Data extracts =>
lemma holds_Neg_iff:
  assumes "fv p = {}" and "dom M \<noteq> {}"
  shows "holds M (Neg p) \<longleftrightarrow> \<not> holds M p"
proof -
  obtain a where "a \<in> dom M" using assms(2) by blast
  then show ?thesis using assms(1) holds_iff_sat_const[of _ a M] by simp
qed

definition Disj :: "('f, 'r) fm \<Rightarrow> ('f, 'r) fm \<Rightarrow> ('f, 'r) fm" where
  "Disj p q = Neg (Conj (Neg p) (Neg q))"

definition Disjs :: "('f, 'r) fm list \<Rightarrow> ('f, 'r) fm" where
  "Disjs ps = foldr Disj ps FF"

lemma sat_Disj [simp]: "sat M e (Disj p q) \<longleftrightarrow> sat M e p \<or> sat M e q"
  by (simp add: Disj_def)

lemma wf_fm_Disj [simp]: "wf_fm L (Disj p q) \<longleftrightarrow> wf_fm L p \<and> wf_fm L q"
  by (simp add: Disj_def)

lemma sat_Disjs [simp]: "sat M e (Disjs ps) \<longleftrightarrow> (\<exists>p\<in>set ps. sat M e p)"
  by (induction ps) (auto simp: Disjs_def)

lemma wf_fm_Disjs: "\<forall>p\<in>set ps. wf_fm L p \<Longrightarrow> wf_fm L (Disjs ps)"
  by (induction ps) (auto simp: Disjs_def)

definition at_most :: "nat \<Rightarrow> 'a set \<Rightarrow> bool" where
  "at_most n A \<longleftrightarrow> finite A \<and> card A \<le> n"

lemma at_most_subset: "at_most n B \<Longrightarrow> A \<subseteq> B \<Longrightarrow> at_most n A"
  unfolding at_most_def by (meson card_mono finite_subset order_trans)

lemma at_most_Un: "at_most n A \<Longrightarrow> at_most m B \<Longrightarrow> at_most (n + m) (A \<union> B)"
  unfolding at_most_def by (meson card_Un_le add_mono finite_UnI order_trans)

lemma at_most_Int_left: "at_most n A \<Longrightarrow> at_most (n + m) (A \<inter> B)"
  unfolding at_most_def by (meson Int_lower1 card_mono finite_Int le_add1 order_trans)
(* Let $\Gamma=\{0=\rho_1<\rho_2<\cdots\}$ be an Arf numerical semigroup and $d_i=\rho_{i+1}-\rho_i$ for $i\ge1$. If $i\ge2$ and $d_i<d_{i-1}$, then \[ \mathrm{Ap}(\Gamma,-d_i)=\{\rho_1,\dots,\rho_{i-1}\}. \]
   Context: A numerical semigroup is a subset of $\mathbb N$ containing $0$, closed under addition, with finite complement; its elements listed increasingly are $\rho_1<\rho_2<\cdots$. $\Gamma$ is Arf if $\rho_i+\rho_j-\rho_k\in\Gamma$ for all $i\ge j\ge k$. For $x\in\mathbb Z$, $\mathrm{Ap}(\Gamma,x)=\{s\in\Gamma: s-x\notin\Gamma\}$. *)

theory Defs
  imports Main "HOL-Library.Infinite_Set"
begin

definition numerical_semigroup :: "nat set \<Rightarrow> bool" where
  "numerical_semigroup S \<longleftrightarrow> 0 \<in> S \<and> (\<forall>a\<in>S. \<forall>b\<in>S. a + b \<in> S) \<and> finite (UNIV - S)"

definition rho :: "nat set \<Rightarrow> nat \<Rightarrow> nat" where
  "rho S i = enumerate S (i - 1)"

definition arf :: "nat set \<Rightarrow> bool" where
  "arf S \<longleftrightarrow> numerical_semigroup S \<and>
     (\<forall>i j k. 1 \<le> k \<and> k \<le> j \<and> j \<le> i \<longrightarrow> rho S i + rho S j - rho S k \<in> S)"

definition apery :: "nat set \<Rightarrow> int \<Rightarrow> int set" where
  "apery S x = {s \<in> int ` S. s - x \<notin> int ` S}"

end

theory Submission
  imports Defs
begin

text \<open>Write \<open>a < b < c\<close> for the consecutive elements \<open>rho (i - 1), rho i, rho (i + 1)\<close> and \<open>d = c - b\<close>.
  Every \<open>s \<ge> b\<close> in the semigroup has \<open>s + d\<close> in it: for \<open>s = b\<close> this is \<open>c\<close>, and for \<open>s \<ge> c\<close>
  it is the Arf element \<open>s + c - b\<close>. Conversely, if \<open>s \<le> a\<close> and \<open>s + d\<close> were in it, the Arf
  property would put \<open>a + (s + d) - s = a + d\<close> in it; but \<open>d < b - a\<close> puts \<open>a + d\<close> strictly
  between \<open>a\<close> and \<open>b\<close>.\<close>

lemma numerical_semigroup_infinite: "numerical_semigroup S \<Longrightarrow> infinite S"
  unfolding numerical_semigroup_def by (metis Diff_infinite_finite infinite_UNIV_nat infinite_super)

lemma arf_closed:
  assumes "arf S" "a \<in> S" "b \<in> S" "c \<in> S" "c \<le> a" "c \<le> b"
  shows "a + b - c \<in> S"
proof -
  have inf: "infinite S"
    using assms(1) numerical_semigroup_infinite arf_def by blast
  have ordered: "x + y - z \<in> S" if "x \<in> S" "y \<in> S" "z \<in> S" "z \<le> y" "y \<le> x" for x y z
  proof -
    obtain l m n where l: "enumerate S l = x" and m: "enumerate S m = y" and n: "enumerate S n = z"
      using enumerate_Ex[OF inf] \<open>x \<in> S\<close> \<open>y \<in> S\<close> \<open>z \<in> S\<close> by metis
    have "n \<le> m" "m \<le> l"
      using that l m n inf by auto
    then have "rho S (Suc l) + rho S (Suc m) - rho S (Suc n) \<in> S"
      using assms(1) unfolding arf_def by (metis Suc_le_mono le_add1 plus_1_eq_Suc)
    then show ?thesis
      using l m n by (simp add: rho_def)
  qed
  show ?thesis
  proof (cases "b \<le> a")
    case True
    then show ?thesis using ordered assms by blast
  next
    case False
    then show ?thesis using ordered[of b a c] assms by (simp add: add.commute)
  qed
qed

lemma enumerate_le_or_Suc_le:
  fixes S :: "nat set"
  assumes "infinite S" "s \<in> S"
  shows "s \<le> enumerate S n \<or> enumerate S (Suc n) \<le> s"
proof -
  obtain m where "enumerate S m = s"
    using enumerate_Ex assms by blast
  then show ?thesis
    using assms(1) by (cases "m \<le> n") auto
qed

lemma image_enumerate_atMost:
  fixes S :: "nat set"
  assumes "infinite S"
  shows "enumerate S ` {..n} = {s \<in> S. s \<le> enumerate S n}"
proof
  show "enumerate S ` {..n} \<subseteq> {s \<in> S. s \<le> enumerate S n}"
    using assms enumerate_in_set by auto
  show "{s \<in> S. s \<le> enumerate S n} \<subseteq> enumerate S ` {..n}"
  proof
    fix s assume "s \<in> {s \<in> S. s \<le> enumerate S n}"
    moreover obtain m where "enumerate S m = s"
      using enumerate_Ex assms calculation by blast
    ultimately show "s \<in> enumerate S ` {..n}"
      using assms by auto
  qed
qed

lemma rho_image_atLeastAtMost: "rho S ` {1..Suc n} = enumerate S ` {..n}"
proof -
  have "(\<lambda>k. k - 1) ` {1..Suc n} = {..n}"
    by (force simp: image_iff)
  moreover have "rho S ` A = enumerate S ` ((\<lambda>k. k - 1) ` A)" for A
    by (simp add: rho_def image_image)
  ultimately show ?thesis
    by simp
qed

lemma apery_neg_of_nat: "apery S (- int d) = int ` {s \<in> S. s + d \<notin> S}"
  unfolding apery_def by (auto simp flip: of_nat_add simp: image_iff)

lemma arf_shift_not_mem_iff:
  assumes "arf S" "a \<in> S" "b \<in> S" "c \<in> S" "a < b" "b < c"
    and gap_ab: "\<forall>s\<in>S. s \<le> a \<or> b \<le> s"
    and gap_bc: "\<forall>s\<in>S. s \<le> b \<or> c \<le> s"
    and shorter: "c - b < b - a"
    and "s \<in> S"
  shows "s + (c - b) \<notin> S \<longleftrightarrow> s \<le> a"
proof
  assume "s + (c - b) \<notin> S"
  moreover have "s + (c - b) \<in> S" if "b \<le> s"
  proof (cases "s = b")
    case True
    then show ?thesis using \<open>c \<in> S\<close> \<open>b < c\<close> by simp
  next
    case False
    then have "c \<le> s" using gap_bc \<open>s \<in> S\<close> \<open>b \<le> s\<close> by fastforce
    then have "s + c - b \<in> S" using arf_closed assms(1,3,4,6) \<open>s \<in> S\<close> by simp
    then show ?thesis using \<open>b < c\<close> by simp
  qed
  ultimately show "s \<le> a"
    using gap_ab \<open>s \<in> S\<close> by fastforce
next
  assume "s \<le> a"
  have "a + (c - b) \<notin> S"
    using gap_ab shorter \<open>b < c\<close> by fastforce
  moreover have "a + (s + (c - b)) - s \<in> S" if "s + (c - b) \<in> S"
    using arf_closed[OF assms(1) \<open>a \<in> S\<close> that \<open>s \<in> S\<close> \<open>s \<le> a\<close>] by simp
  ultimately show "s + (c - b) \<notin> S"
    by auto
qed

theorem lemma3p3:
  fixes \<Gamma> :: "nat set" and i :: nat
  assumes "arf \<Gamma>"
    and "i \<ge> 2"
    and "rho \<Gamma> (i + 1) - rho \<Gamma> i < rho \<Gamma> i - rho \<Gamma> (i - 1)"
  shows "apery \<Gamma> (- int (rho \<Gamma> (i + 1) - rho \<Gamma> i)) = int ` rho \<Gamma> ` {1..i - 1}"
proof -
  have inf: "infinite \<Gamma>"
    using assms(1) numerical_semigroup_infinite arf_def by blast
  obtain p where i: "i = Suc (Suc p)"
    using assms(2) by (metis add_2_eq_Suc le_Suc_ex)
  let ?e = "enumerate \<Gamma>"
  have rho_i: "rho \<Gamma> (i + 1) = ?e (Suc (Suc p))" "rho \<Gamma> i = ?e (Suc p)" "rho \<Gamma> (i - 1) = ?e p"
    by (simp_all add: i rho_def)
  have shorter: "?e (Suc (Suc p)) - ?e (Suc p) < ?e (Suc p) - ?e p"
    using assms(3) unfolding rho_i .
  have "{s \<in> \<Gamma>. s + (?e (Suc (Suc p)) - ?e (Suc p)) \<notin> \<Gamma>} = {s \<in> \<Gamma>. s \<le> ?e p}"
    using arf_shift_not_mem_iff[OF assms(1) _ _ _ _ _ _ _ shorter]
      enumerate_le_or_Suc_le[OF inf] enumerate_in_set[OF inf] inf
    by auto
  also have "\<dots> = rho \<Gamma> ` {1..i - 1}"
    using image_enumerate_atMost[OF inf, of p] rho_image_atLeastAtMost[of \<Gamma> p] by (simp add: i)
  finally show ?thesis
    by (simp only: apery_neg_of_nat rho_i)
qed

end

Work to complete => Up to and including the line with "foldr Disj ps", print every line of the records from the start.

Solved problem =>
lemma holds_Neg_iff:
  assumes "fv p = {}" and "dom M \<noteq> {}"
  shows "holds M (Neg p) \<longleftrightarrow> \<not> holds M p"
proof -
  obtain a where "a \<in> dom M" using assms(2) by blast
  then show ?thesis using assms(1) holds_iff_sat_const[of _ a M] by simp
qed

definition Disj :: "('f, 'r) fm \<Rightarrow> ('f, 'r) fm \<Rightarrow> ('f, 'r) fm" where
  "Disj p q = Neg (Conj (Neg p) (Neg q))"

definition Disjs :: "('f, 'r) fm list \<Rightarrow> ('f, 'r) fm" where
  "Disjs ps = foldr Disj ps FF"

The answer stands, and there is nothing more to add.